---------- SOURCE INFORMATION

(* Let $X$ be a compact metric space, $r:X\to X$ a finite-to-one, onto, Borel measurable map, $\mu$ a strongly invariant Borel probability measure on $X$ such that $r$ is ergodic with respect to $\mu$, and $m_0$ a quadrature mirror filter on $X$ such that $|m_0|$ is not $\mu$-a.e. equal to $1$, $\mu(\{m_0=0\})=0$ and $\log|m_0|^2\in L^1(\mu)$. Then for $\mu_\infty$-almost every $z\in X_\infty$, $U_z$ is a unitary operator on $\mathcal H_z$, $\pi_z$ is a representation of the bounded Borel functions on $X$ on $\mathcal H_z$ satisfying $U_z\pi_z(f)U_z^{-1}=\pi_z(f\circ r)$, and the representation $[\mathcal H_z,U_z,\pi_z]$ is irreducible.
   Context: Strong invariance: $\int f\,d\mu=\int\frac{1}{\#r^{-1}(x)}\sum_{r(y)=x}f(y)\,d\mu(x)$ for bounded Borel $f$. QMF: Borel $m_0$ with $\frac{1}{\#r^{-1}(x)}\sum_{r(y)=x}|m_0(y)|^2=1$ for all $x$. $W(x)=|m_0(x)|^2/\#r^{-1}(r(x))$. Solenoid $X_\infty=\{(x_0,x_1,\dots)\in X^{\mathbb N}:r(x_{n+1})=x_n\}$, $r_\infty(x_0,x_1,\dots)=(r(x_0),x_0,x_1,\dots)$ (automorphism, inverse is the left shift), $\theta_0(x_0,\dots)=x_0$. $\mu_\infty$ is the measure on $X_\infty$ given by $\int f\,d\mu_\infty=\int_X\int_{\Omega_x}f\,dP_x\,d\mu(x)$, where $\Omega_x=\{(x_n)\in X_\infty:x_0=x\}$ and $P_x(x_1=z_1,\dots,x_n=z_n)=W(z_1)\cdots W(z_n)$. $\tilde m_0=1$, $\tilde m_n=\prod_{k=0}^{n-1}m_0\circ\theta_0\circ r_\infty^k$ ($n\ge1$), $\tilde m_n=1/\prod_{k=n}^{-1}m_0\circ\theta_0\circ r_\infty^k$ ($n<0$). For $z$ with all $\tilde m_n(z)\ne0$: $\mathcal H_z=\{(\xi_n)_{n\in\mathbb Z}:\sum|\xi_n|^2|\tilde m_n(z)|^2<\infty\}$ with inner product $\sum\xi_n\overline{\eta_n}|\tilde m_n(z)|^2$; $U_z(\xi_n)_n=(m_0(\theta_0(r_\infty^nz))\xi_{n+1})_n$; $\pi_z(f)(\xi_n)_n=(f(\theta_0(r_\infty^nz))\xi_n)_n$. Irreducible means the only operators commuting with $U_z$ and all $\pi_z(f)$ are scalar multiples of the identity. *)

theory Defs
  imports "HOL-Probability.Probability"
begin

definition npre :: "('a \<Rightarrow> 'a) \<Rightarrow> 'a \<Rightarrow> real" where
  "npre r x = real (card (r -` {x}))"

definition strongly_invariant :: "('a::topological_space) measure \<Rightarrow> ('a \<Rightarrow> 'a) \<Rightarrow> bool" where
  "strongly_invariant \<mu> r \<longleftrightarrow>
     (\<forall>f::'a \<Rightarrow> real. f \<in> borel_measurable borel \<longrightarrow> bounded (range f) \<longrightarrow>
        integral\<^sup>L \<mu> f = integral\<^sup>L \<mu> (\<lambda>x. (1 / npre r x) * (\<Sum>y\<in>r -` {x}. f y)))"

definition ergodic_map :: "'a measure \<Rightarrow> ('a \<Rightarrow> 'a) \<Rightarrow> bool" where
  "ergodic_map \<mu> r \<longleftrightarrow>
     (\<forall>A\<in>sets \<mu>. r -` A = A \<longrightarrow> emeasure \<mu> A = 0 \<or> emeasure \<mu> A = 1)"

definition QMF :: "('a \<Rightarrow> 'a) \<Rightarrow> ('a::topological_space \<Rightarrow> complex) \<Rightarrow> bool" where
  "QMF r m0 \<longleftrightarrow> m0 \<in> borel_measurable borel \<and>
     (\<forall>x. (1 / npre r x) * (\<Sum>y\<in>r -` {x}. (cmod (m0 y))\<^sup>2) = 1)"

definition Wf :: "('a \<Rightarrow> 'a) \<Rightarrow> ('a \<Rightarrow> complex) \<Rightarrow> 'a \<Rightarrow> real" where
  "Wf r m0 x = (cmod (m0 x))\<^sup>2 / npre r (r x)"

definition solenoid :: "('a \<Rightarrow> 'a) \<Rightarrow> (nat \<Rightarrow> 'a) set" where
  "solenoid r = {z. \<forall>n. r (z (Suc n)) = z n}"

definition rinf :: "('a \<Rightarrow> 'a) \<Rightarrow> (nat \<Rightarrow> 'a) \<Rightarrow> (nat \<Rightarrow> 'a)" where
  "rinf r z = (\<lambda>n. case n of 0 \<Rightarrow> r (z 0) | Suc k \<Rightarrow> z k)"

definition lshift :: "(nat \<Rightarrow> 'a) \<Rightarrow> (nat \<Rightarrow> 'a)" where
  "lshift z = (\<lambda>n. z (Suc n))"

definition rinf_pow :: "('a \<Rightarrow> 'a) \<Rightarrow> int \<Rightarrow> (nat \<Rightarrow> 'a) \<Rightarrow> (nat \<Rightarrow> 'a)" where
  "rinf_pow r n z = (if 0 \<le> n then (rinf r ^^ nat n) z else (lshift ^^ nat (- n)) z)"

definition theta0 :: "(nat \<Rightarrow> 'a) \<Rightarrow> 'a" where
  "theta0 z = z 0"

text \<open>Finite paths x = y_0, y_1, ..., y_n with r(y_{k+1}) = y_k (tail normalised to x).\<close>
definition paths :: "('a \<Rightarrow> 'a) \<Rightarrow> 'a \<Rightarrow> nat \<Rightarrow> (nat \<Rightarrow> 'a) set" where
  "paths r x n = {y. y 0 = x \<and> (\<forall>k<n. r (y (Suc k)) = y k) \<and> (\<forall>k>n. y k = x)}"

text \<open>mu_infinity, characterised by its values on cylinder sets
  (these form a generating pi-system, so this determines the measure uniquely).\<close>
definition is_mu_inf :: "('a::topological_space) measure \<Rightarrow> ('a \<Rightarrow> 'a) \<Rightarrow> ('a \<Rightarrow> complex)
     \<Rightarrow> (nat \<Rightarrow> 'a) measure \<Rightarrow> bool" where
  "is_mu_inf \<mu> r m0 M \<longleftrightarrow>
     sets M = sets (PiM UNIV (\<lambda>_::nat. (borel :: 'a measure))) \<and>
     (\<forall>n (A::nat \<Rightarrow> 'a set). (\<forall>k\<le>n. A k \<in> sets borel) \<longrightarrow>
        emeasure M {z\<in>space M. \<forall>k\<le>n. z k \<in> A k} =
        (\<integral>\<^sup>+ x. ennreal (\<Sum>y\<in>paths r x n.
              (\<Prod>k\<in>{1..n}. Wf r m0 (y k)) * (\<Prod>k\<in>{0..n}. indicator (A k) (y k))) \<partial>\<mu>))"

definition mt :: "('a \<Rightarrow> 'a) \<Rightarrow> ('a \<Rightarrow> complex) \<Rightarrow> int \<Rightarrow> (nat \<Rightarrow> 'a) \<Rightarrow> complex" where
  "mt r m0 n z =
     (if n = 0 then 1
      else if 0 < n then (\<Prod>k\<in>{0..<n}. m0 (theta0 (rinf_pow r k z)))
      else 1 / (\<Prod>k\<in>{n..<0}. m0 (theta0 (rinf_pow r k z))))"

definition Hz :: "('a \<Rightarrow> 'a) \<Rightarrow> ('a \<Rightarrow> complex) \<Rightarrow> (nat \<Rightarrow> 'a) \<Rightarrow> (int \<Rightarrow> complex) set" where
  "Hz r m0 z = {\<xi>. (\<lambda>n. (cmod (\<xi> n))\<^sup>2 * (cmod (mt r m0 n z))\<^sup>2) summable_on UNIV}"

definition Hip :: "('a \<Rightarrow> 'a) \<Rightarrow> ('a \<Rightarrow> complex) \<Rightarrow> (nat \<Rightarrow> 'a) \<Rightarrow> (int \<Rightarrow> complex) \<Rightarrow> (int \<Rightarrow> complex) \<Rightarrow> complex" where
  "Hip r m0 z \<xi> \<eta> = (\<Sum>\<^sub>\<infinity>n. \<xi> n * cnj (\<eta> n) * complex_of_real ((cmod (mt r m0 n z))\<^sup>2))"

definition Hnorm :: "('a \<Rightarrow> 'a) \<Rightarrow> ('a \<Rightarrow> complex) \<Rightarrow> (nat \<Rightarrow> 'a) \<Rightarrow> (int \<Rightarrow> complex) \<Rightarrow> real" where
  "Hnorm r m0 z \<xi> = sqrt (\<Sum>\<^sub>\<infinity>n. (cmod (\<xi> n))\<^sup>2 * (cmod (mt r m0 n z))\<^sup>2)"

definition Uz :: "('a \<Rightarrow> 'a) \<Rightarrow> ('a \<Rightarrow> complex) \<Rightarrow> (nat \<Rightarrow> 'a) \<Rightarrow> (int \<Rightarrow> complex) \<Rightarrow> (int \<Rightarrow> complex)" where
  "Uz r m0 z \<xi> = (\<lambda>n. m0 (theta0 (rinf_pow r n z)) * \<xi> (n + 1))"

--------------------

EXERCISE BRIEF => Using the entries above, find all lines with "npre". Copy them.

EXERCISE SOLUTION =>
definition npre :: "('a \<Rightarrow> 'a) \<Rightarrow> 'a \<Rightarrow> real" where
  "npre r x = real (card (r -` {x}))"
        integral\<^sup>L \<mu> f = integral\<^sup>L \<mu> (\<lambda>x. (1 / npre r x) * (\<Sum>y\<in>r -` {x}. f y)))"
     (\<forall>x. (1 / npre r x) * (\<Sum>y\<in>r -` {x}. (cmod (m0 y))\<^sup>2) = 1)"
  "Wf r m0 x = (cmod (m0 x))\<^sup>2 / npre r (r x)"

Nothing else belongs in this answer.